"The First Rule of Holes is that when you are in one, you should stop digging. To keep right on doing what is already causing disastrous consequences is either insane or profoundly stupid." — Molly Ivins
Actually making the air that hangs over the Wasatch Front cleaner any time soon is going to be quite a reach. Even more so if state regulators allow anyone to do anything that makes it dirtier.
The Utah Air Quality Board Wednesday approved a set of standards that places some limits on industrial pollution and counts on federal action — specifically the stricter auto efficiency standards — for other good effects. But, as environmental activists and the U.S. Environmental Protection Agency rightly pointed out, the standards are far too forgiving of some other industrial processes.

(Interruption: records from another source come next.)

(* Let $x,y,z$ be fixed roots of unity different from $1$, and let $S\subseteq\mathbb{P}_3$ be the surface defined by $\mathcal{E}^*(a,b,c,d)=0$, where $\mathcal{E}^*$ is obtained from \[\mathcal{E}=B_2^2-A_1B_1B_2+(A_1^2-2A_2)B_2+A_2B_1^2-A_1A_2B_1+A_2^2\] by substituting $A_1=\tfrac{y-x}{y-1}a+\tfrac{xy-1}{y-1}b$, $A_2=xab$, $B_1=\tfrac{z-x}{z-1}c+\tfrac{xz-1}{z-1}d$, $B_2=xcd$. Then $S$ is defined over $\mathbb{Q}$ if and only if either $x^4=y^4=z^4=1$ or $x^6=y^6=z^6=1$.
   Context: $a,b,c,d$ are homogeneous coordinates on $\mathbb{P}_3$; $\mathcal{E}^*$ is homogeneous of degree $4$ with coefficients in $\mathbb{Q}(x,y,z)$. $S$ is defined over $\mathbb{Q}$ if $\mathcal{E}^*$ is a nonzero scalar multiple of a polynomial with rational coefficients. *)

theory Defs
  imports Complex_Main "HOL-Library.Poly_Mapping"
begin

text \<open>Polynomials in the variables a,b,c,d (indices 0,1,2,3) with complex coefficients,
  represented as finitely supported maps from monomials (exponent vectors) to coefficients.\<close>

type_synonym cpoly = "(nat \<Rightarrow>\<^sub>0 nat) \<Rightarrow>\<^sub>0 complex"

definition PVar :: "nat \<Rightarrow> cpoly" where
  "PVar i = Poly_Mapping.single (Poly_Mapping.single i 1) 1"

definition PConst :: "complex \<Rightarrow> cpoly" where
  "PConst c = Poly_Mapping.single 0 c"

definition root_of_unity :: "complex \<Rightarrow> bool" where
  "root_of_unity w \<longleftrightarrow> (\<exists>n::nat. n > 0 \<and> w ^ n = 1)"

definition E_star :: "complex \<Rightarrow> complex \<Rightarrow> complex \<Rightarrow> cpoly" where
  "E_star x y z =
    (let a = PVar 0; b = PVar 1; c = PVar 2; d = PVar 3;
         A1 = PConst ((y - x) / (y - 1)) * a + PConst ((x * y - 1) / (y - 1)) * b;
         A2 = PConst x * a * b;
         B1 = PConst ((z - x) / (z - 1)) * c + PConst ((x * z - 1) / (z - 1)) * d;
         B2 = PConst x * c * d
     in B2 ^ 2 - A1 * B1 * B2 + (A1 ^ 2 - 2 * A2) * B2 + A2 * B1 ^ 2
        - A1 * A2 * B1 + A2 ^ 2)"

definition defined_over_Q :: "cpoly \<Rightarrow> bool" where
  "defined_over_Q P \<longleftrightarrow>
     (\<exists>s::complex. \<exists>Q::cpoly. s \<noteq> 0 \<and> (\<forall>m. Poly_Mapping.lookup Q m \<in> \<rat>) \<and> P = PConst s * Q)"

end

theory Submission
  imports Defs "HOL-Computational_Algebra.Polynomial"
begin

text \<open>
Expanding the substitution, the coefficients of \<open>E\<^sup>*\<close> divided by the coefficient \<open>x\<^sup>2\<close> of \<open>c\<^sup>2d\<^sup>2\<close>
are \<open>1\<close> and the nine numbers \<open>p\<^sup>2/x, q\<^sup>2/x, r\<^sup>2/x, s\<^sup>2/x, pr/x, ps/x, qr/x, qs/x, (pq + rs)/x\<close>,
where \<open>p, q, r, s\<close> are the coefficients of \<open>A\<^sub>1\<close> and \<open>B\<^sub>1\<close>. With the Cayley transforms
\<open>w = (y + 1)/(y - 1)\<close> and \<open>w' = (z + 1)/(z - 1)\<close> one has \<open>p, q = ((x + 1) \<plusminus> (1 - x) w)/2\<close>
and \<open>r, s = ((x + 1) \<plusminus> (1 - x) w')/2\<close>, so these ratios are linear combinations of
\<open>x + 1/x\<close>, \<open>(x - 1/x) w\<close>, \<open>(x - 1/x) w'\<close>, \<open>w\<^sup>2\<close>, \<open>w'\<^sup>2\<close>, \<open>w w'\<close>, and the linear system can be
inverted over \<open>\<rat>\<close>. Since \<open>w = (y - 1/y)/(y + 1/y - 2)\<close>, the surface is defined over \<open>\<rat>\<close> iff the
traces \<open>u + 1/u\<close> (\<open>u = x, y, z\<close>) and the pairwise products of the numbers \<open>u - 1/u\<close> are rational.

The trace \<open>t\<close> of a root of unity is an algebraic integer (a root of \<open>D\<^sub>n(t) - 2\<close>, \<open>D\<^sub>n\<close> the
Dickson polynomial), so if rational it lies in \<open>{-2, -1, 0, 1}\<close>; then \<open>(u - 1/u)\<^sup>2 = t\<^sup>2 - 4\<close> lies in
\<open>{0, -3, -4}\<close>, and a product of two such square roots is rational unless its square is
\<open>(-3)(-4) = 12\<close>. Traces in \<open>{-2, 0}\<close> belong to the fourth roots of unity, traces in
\<open>{-2, -1, 1}\<close> to the sixth roots of unity.
\<close>

lemma PConst_add: "PConst (a + b) = PConst a + PConst b"
  by (simp add: PConst_def single_add)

The Utah State Implementation Plan, as approved, places some industrial machinery when it is starting up, shutting down or malfunctioning — all of which are dirtier processes than when they are humming along at normal speed — in a different regulatory category. That means the city that is often marked as having the worst air quality in the nation will see an overall increase in air pollution from those sources of 12 percent through the year 2019.

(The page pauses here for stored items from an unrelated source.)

(* Let $(X,T)$ be a compact Hausdorff flow such that every point of $X$ is almost automorphic. Then the enveloping semigroup $\mathcal E(X,T)$ is a group, and the group inversion $g\mapsto g^{-1}$ is a continuous map from $\mathcal E(X,T)$ onto $\mathcal E(X,T)$ with respect to the product topology on $X^X$.
   Context: $X$ compact Hausdorff, $T$ a topological group acting continuously on $X$. A point $x$ is almost automorphic if for every net $\{t_i\}\subset T$ with $t_ix\to y$ it holds that $t_i^{-1}y\to x$. The enveloping semigroup $\mathcal E(X,T)$ is the closure of $T$ in $X^X$ with the product topology, with composition as operation. *)

theory Defs
  imports "HOL-Analysis.Analysis" "HOL-Algebra.Group"
begin

text \<open>A continuous action of a topological group (written additively, group_add is
  not necessarily commutative) on a topological space.\<close>
definition continuous_group_action :: "('g::topological_group_add \<Rightarrow> 'x::topological_space \<Rightarrow> 'x) \<Rightarrow> bool" where
  "continuous_group_action act \<longleftrightarrow>
     act 0 = id \<and> (\<forall>g h x. act (g + h) x = act g (act h x)) \<and>
     continuous_on UNIV (\<lambda>(g, x). act g x)"

text \<open>Almost automorphic point. Nets are represented by filters: a net (t_i) in T
  corresponds to the image filter on T, and convergence of t_i x and of t_i^{-1} y
  is convergence along that filter.\<close>
definition almost_automorphic :: "('g::group_add \<Rightarrow> 'x::topological_space \<Rightarrow> 'x) \<Rightarrow> 'x \<Rightarrow> bool" where
  "almost_automorphic act x \<longleftrightarrow>
     (\<forall>(F::'g filter) y. ((\<lambda>t. act t x) \<longlongrightarrow> y) F \<longrightarrow> ((\<lambda>t. act (- t) y) \<longlongrightarrow> x) F)"

definition enveloping_semigroup :: "('g \<Rightarrow> 'x::topological_space \<Rightarrow> 'x) \<Rightarrow> ('x \<Rightarrow> 'x) set" where
  "enveloping_semigroup act = closure (range act)"

definition enveloping_monoid :: "('g \<Rightarrow> 'x::topological_space \<Rightarrow> 'x) \<Rightarrow> ('x \<Rightarrow> 'x) monoid" where
  "enveloping_monoid act = \<lparr>carrier = enveloping_semigroup act, mult = (\<circ>), one = id\<rparr>"

end

theory Submission
  imports Defs
begin

(* The key object is the inversion hull K, the closure in X^X x X^X of the pairs
   (act t, act (-t)).  K is compact, and its two projections are both E.  If (f,g) is in K,
   some proper filter (a net of group elements) makes act t converge to f and act (-t) to g
   pointwise; almost automorphy, applied along this filter and along its reflection, gives
   g o f = id and f o g = id.  Hence every f in E has a two-sided inverse in E, so E is a group,
   and K is exactly the graph of inversion on E.  A map whose graph is compact and whose
   domain is Hausdorff is continuous, which yields continuity of inversion. *)

lemma Hausdorff_space_euclidean_t2: "Hausdorff_space (euclidean :: 'a::t2_space topology)"
  unfolding Hausdorff_space_def by (metis disjnt_def open_openin separation_t2)

lemma Hausdorff_space_euclidean_fun:
  "Hausdorff_space (euclidean :: ('a \<Rightarrow> 'b::t2_space) topology)"
  by (metis Hausdorff_space_product_topology Hausdorff_space_euclidean_t2 euclidean_product_topology)

(* Compact sets are closed in a Hausdorff topology; used for function spaces, which carry no
   t2_space instance. *)
lemma compact_imp_closed_Hausdorff:
  assumes "Hausdorff_space (euclidean :: 'a::topological_space topology)" and "compact (S :: 'a set)"
  shows "closed S"
  using compactin_imp_closedin[OF assms(1)] assms(2)
  by (metis closed_closedin compactin_euclidean_iff)

lemma compact_UNIV_fun:
  assumes "compact (UNIV :: 'b::topological_space set)"
  shows "compact (UNIV :: ('a \<Rightarrow> 'b) set)"
proof -
  have "compact_space (euclidean :: 'b topology)"
    using assms by (simp add: compact_space_def)
  then have "compact_space (product_topology (\<lambda>i::'a. euclidean :: 'b topology) UNIV)"
    by (simp add: compact_space_product_topology)
  then show ?thesis
    by (simp add: euclidean_product_topology compact_space_def)
qed

lemma tendsto_fun_iff:
  fixes f :: "'c \<Rightarrow> 'a \<Rightarrow> 'b::topological_space"
  shows "(f \<longlongrightarrow> l) F \<longleftrightarrow> (\<forall>i. ((\<lambda>x. f x i) \<longlongrightarrow> l i) F)"
proof -
  have "(f \<longlongrightarrow> l) F \<longleftrightarrow> limitin (product_topology (\<lambda>i. euclidean) UNIV) f l F"
    by (simp add: euclidean_product_topology)
  also have "\<dots> \<longleftrightarrow> (\<forall>i. ((\<lambda>x. f x i) \<longlongrightarrow> l i) F)"
    by (simp add: limitin_componentwise)
  finally show ?thesis .
qed

lemma continuous_on_comp_left:
  fixes f :: "'b::topological_space \<Rightarrow> 'c::topological_space"
  assumes "continuous_on UNIV f"
  shows "continuous_on A (\<lambda>h :: 'a \<Rightarrow> 'b. f \<circ> h)"
  unfolding o_def
  by (intro continuous_on_coordinatewise_then_product continuous_on_compose2[OF assms]
      continuous_on_subset[OF continuous_on_product_coordinates]) auto

lemma continuous_on_comp_right:
  "continuous_on A (\<lambda>f :: 'b \<Rightarrow> 'c::topological_space. f \<circ> h)"
  unfolding o_def
  by (intro continuous_on_coordinatewise_then_product
      continuous_on_subset[OF continuous_on_product_coordinates]) auto

(* The closure of a composition-closed set of continuous self-maps is composition-closed:
   first approximate the right factor, then the left one. *)
lemma closure_comp_closed:
  fixes S :: "('a::topological_space \<Rightarrow> 'a) set"
  assumes cont: "\<And>f. f \<in> S \<Longrightarrow> continuous_on UNIV f"
    and comp: "\<And>f h. f \<in> S \<Longrightarrow> h \<in> S \<Longrightarrow> f \<circ> h \<in> S"
    and f: "f \<in> closure S" and h: "h \<in> closure S"
  shows "f \<circ> h \<in> closure S"
proof -
  have left: "f \<circ> h \<in> closure S" if "f \<in> S" for f
  proof -
    have "(\<lambda>h. f \<circ> h) ` closure S \<subseteq> closure S"
      by (rule image_closure_subset[OF continuous_on_comp_left[OF cont[OF that]]])
        (use comp that closure_subset in auto)
    then show ?thesis using h by blast
  qed
  have "(\<lambda>f. f \<circ> h) ` closure S \<subseteq> closure S"
    by (rule image_closure_subset[OF continuous_on_comp_right]) (use left in auto)
  then show ?thesis using f by blast
qed

lemma closure_range_limit:
  assumes "x \<in> closure (range P)"
  shows "\<exists>F. F \<noteq> bot \<and> (P \<longlongrightarrow> x) F"
proof (intro exI conjI)
  show "filtercomap P (nhds x) \<noteq> bot"
  proof (rule filtercomap_neq_bot)
    fix Q assume "eventually Q (nhds x)"
    then obtain S where S: "open S" "x \<in> S" "\<forall>z\<in>S. Q z"
      by (auto simp: eventually_nhds)
    then have "S \<inter> range P \<noteq> {}"
      using assms by (metis open_Int_closure_eq_empty empty_iff IntI)
    then show "\<exists>t. Q (P t)" using S by auto
  qed
qed (rule filterlim_filtercomap)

That’s enough to offset gains from some tighter rules on the area’s oil refineries. And it means that the state will, in the process of saving a handful of giant installations some money, shift the burden to smaller businesses and motorists.
Division of Air Quality officials say it isn’t as bad as it seems. They say there will be more rounds of regulations that will offer a chance to crack down further on all pollution sources. And they say that writing the rules as they have means that companies won’t be able to count past improvements toward future requirements.
At the same time, though, it is clear that the Air Quality Board has passed up a golden opportunity to require every pollution source in its jurisdiction to use the latest and most effective technologies and practices. Of course, as long as the board is chaired by an executive from big-time polluter Kennecott Utah Copper and includes, by law, several other industry representatives, it might be too much to expect that it would do otherwise.
We are told that barely 11 percent of the pollution in our air, particularly the PM2.5 particles that do so much damage to lungs and hearts, comes from big industry. But passing up an opportunity to clean up any source is irresponsible. And deadly.